Member of the U.S. House of Representatives from Maine's 7th district
- In office March 4, 1831 – March 3, 1833
- Preceded by: Samuel Butman
- Succeeded by: Joseph Hall

Personal details
- Born: September 24, 1789 Greene, District of Maine
- Died: February 25, 1882 (aged 92) Yarmouth, Maine
- Party: Jacksonian

= James Bates (Maine politician) =

American politician (1789–1882)

James Bates (September 24, 1789 – February 25, 1882) was an American medical doctor and politician who was United States representative from Maine from 1831 to 1833.

==Early life==
Bates born in Greene, District of Maine, on September 24, 1789, to Solomon and Mary (Macomber) Bates. His parents moved to Fayette, Maine, when Bates was seven and he attended the common schools there.

==Medicine==
Bates studied medicine under Dr. Charles Smith in Fayette and Dr. Ariel Mann in Hallowell, Maine. He graduated from Harvard Medical School in March 1813. That same year, he was appointed a surgeon's mate in Denny McCobb's Maine and New Hampshire Volunteer Regiment. In 1814, he became a hospital surgeon's mate in Winfield Scott's brigade and served on the Niagara Frontier. He was present at the Battle of Chippawa, Battle of Lundy's Lane, and the Capture of Fort Erie. In 1815, with the War of 1812 almost ended, he was placed in charge of a military hospital near Buffalo, New York.

Bates left the army in May 1815 and became a partner of Dr. Mann in Hallowell. In 1819, Bates moved to Norridgewock, Maine, where he practiced as a physician and surgeon for 26 years and had a large farm. He was a hospital surgeon during the Aroostook War.

In 1845, Bates was appointed superintendent of the Maine Insane Asylum. In 1850, 27 patients and one employee were killed in a fire at the asylum. In 1851, Bates was sent by Governor John Hubbard to study institutions in other states to find ways the rebuilt asylum could be improved and resigned as the hospital's superintendent.

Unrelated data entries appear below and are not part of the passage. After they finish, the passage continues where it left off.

(* In the stochastic epidemic model described in the context, let $u(k)=K\,I(k)$ for all $k\ge0$ with a constant gain $0\le K\le (1-d_{\max})/v_{\max}$. Then: (i) $0\le I(k)\le (1+\delta_{\max}-Kv_{\min})^kI_0$ for all $k\ge1$ with probability one; (ii) if $K<(1-d_{\max})/v_{\max}$, then $I(k)>0$ for all $k\ge1$ with probability one.
   Context: Time is indexed by days $k=0,1,2,\dots$. Let $(\delta(k))_{k\ge0}$, $(d_I(k))_{k\ge0}$, $(v(k))_{k\ge0}$ be three mutually independent sequences of random variables, each sequence i.i.d. in $k$, with $0\le \delta(k)\le \delta_{\max}$, $0\le d_I(k)\le d_{\max}$ where $d_{\max}<1$, and $0<v_{\min}\le v(k)\le v_{\max}\le 1$. Given a control sequence $u(k)$, the cases evolve by $S(k+1)=S(k)-\delta(k)I(k)$, $I(k+1)=(1+\delta(k))I(k)-v(k)u(k)-d_I(k)I(k)$, $R(k+1)=R(k)+v(k)u(k)$, $D(k+1)=D(k)+d_I(k)I(k)$, with $S(0)=S_0$, $I(0)=I_0>0$, $R(0)=D(0)=0$, $I_0\delta_{\max}<S_0$. *)

theory Defs
  imports "HOL-Probability.Probability"
begin

text \<open>Deterministic trajectory of the discrete-time SIRD model for one realisation of the
  random sequences.\<close>

fun sird :: "(nat \<Rightarrow> real) \<Rightarrow> (nat \<Rightarrow> real) \<Rightarrow> (nat \<Rightarrow> real) \<Rightarrow>
             (nat \<Rightarrow> real \<times> real \<times> real \<times> real \<Rightarrow> real) \<Rightarrow> real \<Rightarrow> real \<Rightarrow> nat \<Rightarrow>
             real \<times> real \<times> real \<times> real" where
  "sird \<delta> dI v ctrl S0 I0 0 = (S0, I0, 0, 0)"
| "sird \<delta> dI v ctrl S0 I0 (Suc k) =
     (let (S, I, R, D) = sird \<delta> dI v ctrl S0 I0 k;
          u = ctrl k (S, I, R, D)
      in (S - \<delta> k * I,
          (1 + \<delta> k) * I - v k * u - dI k * I,
          R + v k * u,
          D + dI k * I))"

definition infected :: "(nat \<Rightarrow> real) \<Rightarrow> (nat \<Rightarrow> real) \<Rightarrow> (nat \<Rightarrow> real) \<Rightarrow>
             (nat \<Rightarrow> real \<times> real \<times> real \<times> real \<Rightarrow> real) \<Rightarrow> real \<Rightarrow> real \<Rightarrow> nat \<Rightarrow> real" where
  "infected \<delta> dI v ctrl S0 I0 k = fst (snd (sird \<delta> dI v ctrl S0 I0 k))"

text \<open>The three sequences packed into one family indexed by (sequence id, day):
  0 = delta, 1 = d_I, 2 = v (any other id reused as v).\<close>
definition seq_family :: "(nat \<Rightarrow> 'a \<Rightarrow> real) \<Rightarrow> (nat \<Rightarrow> 'a \<Rightarrow> real) \<Rightarrow> (nat \<Rightarrow> 'a \<Rightarrow> real)
    \<Rightarrow> nat \<times> nat \<Rightarrow> 'a \<Rightarrow> real" where
  "seq_family \<delta> dI v = (\<lambda>(j, k). if j = 0 then \<delta> k else if j = 1 then dI k else v k)"

end

theory Submission
  imports Defs
begin

text \<open>Under the feedback u = K I the infected compartment evolves linearly,
  I(k+1) = (1 + \<delta>(k) - K v(k) - d_I(k)) I(k), so I(k) is I0 times a product of growth factors.
  The bounds on the random coefficients place every factor in [0, 1 + \<delta>max - K vmin], and
  strictly above 0 when K vmax < 1 - dmax; almost surely these bounds hold on all (countably
  many) days at once. The argument is pathwise.\<close>

lemma infected_linear_feedback:
  "infected d di w (\<lambda>_ (S, I, R, D). K * I) S0 I0 k = I0 * (\<Prod>j<k. 1 + d j - K * w j - di j)"
proof (induction k)
  case 0
  then show ?case by (simp add: infected_def)
next
  case (Suc k)
  then show ?case
    unfolding infected_def
    by (cases "sird d di w (\<lambda>_ (S, I, R, D). K * I) S0 I0 k") (simp add: algebra_simps)
qed

lemma growth_factor_bounds:
  fixes d di w K :: real
  assumes "0 \<le> d" "d \<le> \<delta>max" "0 \<le> di" "di \<le> dmax" "vmin \<le> w" "w \<le> vmax"
    and "0 \<le> K" "K * vmax \<le> 1 - dmax"
  shows "0 \<le> 1 + d - K * w - di" and "1 + d - K * w - di \<le> 1 + \<delta>max - K * vmin"
proof -
  have "K * w \<le> K * vmax" and "K * vmin \<le> K * w"
    using assms by (simp_all add: mult_left_mono)
  then show "0 \<le> 1 + d - K * w - di" and "1 + d - K * w - di \<le> 1 + \<delta>max - K * vmin"
    using assms by linarith+
qed

lemma growth_factor_pos:
  fixes d di w K :: real
  assumes "0 \<le> d" "di \<le> dmax" "w \<le> vmax" "0 \<le> K" "K * vmax < 1 - dmax"
  shows "0 < 1 + d - K * w - di"
proof -
  have "K * w \<le> K * vmax"
    using assms by (simp add: mult_left_mono)
  then show ?thesis
    using assms by linarith
qed

lemma infected_linear_feedback_bounds:
  fixes d di w :: "nat \<Rightarrow> real"
  assumes "\<And>j. 0 \<le> d j \<and> d j \<le> \<delta>max" "\<And>j. 0 \<le> di j \<and> di j \<le> dmax"
    "\<And>j. vmin \<le> w j \<and> w j \<le> vmax"
    and "0 \<le> K" "K * vmax \<le> 1 - dmax" "0 \<le> I0"
  shows "0 \<le> infected d di w (\<lambda>_ (S, I, R, D). K * I) S0 I0 k
    \<and> infected d di w (\<lambda>_ (S, I, R, D). K * I) S0 I0 k \<le> (1 + \<delta>max - K * vmin) ^ k * I0"
proof -
  note factor = growth_factor_bounds[OF _ _ _ _ _ _ \<open>0 \<le> K\<close> \<open>K * vmax \<le> 1 - dmax\<close>]
  have "0 \<le> (\<Prod>j<k. 1 + d j - K * w j - di j)"
    using factor(1) assms(1-3) by (meson prod_nonneg)
  moreover have "(\<Prod>j<k. 1 + d j - K * w j - di j) \<le> (\<Prod>j<k. 1 + \<delta>max - K * vmin)"
    using factor assms(1-3) by (meson prod_mono)
  ultimately show ?thesis
    unfolding infected_linear_feedback using \<open>0 \<le> I0\<close>
    by (simp add: mult.commute mult_left_mono)
qed

lemma infected_linear_feedback_pos:
  fixes d di w :: "nat \<Rightarrow> real"
  assumes "\<And>j. 0 \<le> d j" "\<And>j. di j \<le> dmax" "\<And>j. w j \<le> vmax"
    and "0 \<le> K" "K * vmax < 1 - dmax" "0 < I0"
  shows "0 < infected d di w (\<lambda>_ (S, I, R, D). K * I) S0 I0 k"
  using assms growth_factor_pos[OF assms(1-3)]
  by (simp add: infected_linear_feedback prod_pos)

theorem lemma6:
  fixes M :: "'a measure"
    and \<delta> dI v :: "nat \<Rightarrow> 'a \<Rightarrow> real"
    and \<delta>max dmax vmin vmax S0 I0 K :: real
  assumes "prob_space M"
    and meas: "\<And>k. \<delta> k \<in> borel_measurable M" "\<And>k. dI k \<in> borel_measurable M"
              "\<And>k. v k \<in> borel_measurable M"
    and indep: "prob_space.indep_vars M (\<lambda>_. borel) (seq_family \<delta> dI v) ({0, 1, 2} \<times> UNIV)"
    and ident: "\<And>k. distr M borel (\<delta> k) = distr M borel (\<delta> 0)"
               "\<And>k. distr M borel (dI k) = distr M borel (dI 0)"
               "\<And>k. distr M borel (v k) = distr M borel (v 0)"
    and bd_delta: "\<And>k. AE \<omega> in M. 0 \<le> \<delta> k \<omega> \<and> \<delta> k \<omega> \<le> \<delta>max"
    and bd_d: "\<And>k. AE \<omega> in M. 0 \<le> dI k \<omega> \<and> dI k \<omega> \<le> dmax"
    and bd_v: "\<And>k. AE \<omega> in M. vmin \<le> v k \<omega> \<and> v k \<omega> \<le> vmax"
    and "dmax < 1" and "0 < vmin" and "vmin \<le> vmax" and "vmax \<le> 1"
    and "I0 > 0" and "I0 * \<delta>max < S0"
    and K: "0 \<le> K" "K \<le> (1 - dmax) / vmax"
  shows "(AE \<omega> in M. \<forall>k\<ge>1.
            0 \<le> infected (\<lambda>j. \<delta> j \<omega>) (\<lambda>j. dI j \<omega>) (\<lambda>j. v j \<omega>) (\<lambda>_ (S, I, R, D). K * I) S0 I0 k \<and>
            infected (\<lambda>j. \<delta> j \<omega>) (\<lambda>j. dI j \<omega>) (\<lambda>j. v j \<omega>) (\<lambda>_ (S, I, R, D). K * I) S0 I0 k
              \<le> (1 + \<delta>max - K * vmin) ^ k * I0)
       \<and> (K < (1 - dmax) / vmax \<longrightarrow>
          (AE \<omega> in M. \<forall>k\<ge>1.
            0 < infected (\<lambda>j. \<delta> j \<omega>) (\<lambda>j. dI j \<omega>) (\<lambda>j. v j \<omega>) (\<lambda>_ (S, I, R, D). K * I) S0 I0 k))"
proof -
  let ?I = "\<lambda>\<omega>. infected (\<lambda>j. \<delta> j \<omega>) (\<lambda>j. dI j \<omega>) (\<lambda>j. v j \<omega>) (\<lambda>_ (S, I, R, D). K * I) S0 I0"
  have "0 < vmax"
    using \<open>0 < vmin\<close> \<open>vmin \<le> vmax\<close> by linarith
  then have K_vmax: "K * vmax \<le> 1 - dmax"
    and K_vmax_strict: "K < (1 - dmax) / vmax \<longleftrightarrow> K * vmax < 1 - dmax"
    using K(2) by (simp_all add: pos_le_divide_eq pos_less_divide_eq)
  have "AE \<omega> in M. \<forall>j. (0 \<le> \<delta> j \<omega> \<and> \<delta> j \<omega> \<le> \<delta>max) \<and> (0 \<le> dI j \<omega> \<and> dI j \<omega> \<le> dmax)
      \<and> (vmin \<le> v j \<omega> \<and> v j \<omega> \<le> vmax)"
    using bd_delta bd_d bd_v by (simp add: AE_all_countable AE_conj_iff)
  then have "AE \<omega> in M. \<forall>k. 0 \<le> ?I \<omega> k \<and> ?I \<omega> k \<le> (1 + \<delta>max - K * vmin) ^ k * I0
      \<and> (K * vmax < 1 - dmax \<longrightarrow> 0 < ?I \<omega> k)"
  proof eventually_elim
    case (elim \<omega>)
    then have coefficients: "\<And>j. 0 \<le> \<delta> j \<omega> \<and> \<delta> j \<omega> \<le> \<delta>max"
      "\<And>j. 0 \<le> dI j \<omega> \<and> dI j \<omega> \<le> dmax" "\<And>j. vmin \<le> v j \<omega> \<and> v j \<omega> \<le> vmax"
      by auto
    show ?case
      using coefficients infected_linear_feedback_bounds[OF coefficients K(1) K_vmax less_imp_le[OF \<open>I0 > 0\<close>]]
      by (auto intro!: infected_linear_feedback_pos[OF _ _ _ K(1) _ \<open>I0 > 0\<close>])
  qed
  then show ?thesis
    unfolding K_vmax_strict by (auto elim: AE_mp)
qed

end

After completing his report to the Governor, Bates practiced for one year in Gardiner, Maine. He then moved to Fairfield, Maine, where he remained until he relocated to Yarmouth in 1858. He practiced medicine there until the age of 90.

==Politics==
In 1830, Bates was persuaded to run for public office. He was elected as a Jacksonian to the twenty-second Congress (March 4, 1831 - March 3, 1833). He did not run for reelection.

==Personal life==
On July 27, 1815, Bates married Mary Jones of Fayette, Maine. They had two sons and three daughters. One of their sons, James M. Bates, became a noted physician.

Bates was a member of the Freemasons and a Congregationalist.

==Later life==
He died, aged 92, on February 25, 1882, in Yarmouth. His interment is in the Old Oak Cemetery, Norridgewock.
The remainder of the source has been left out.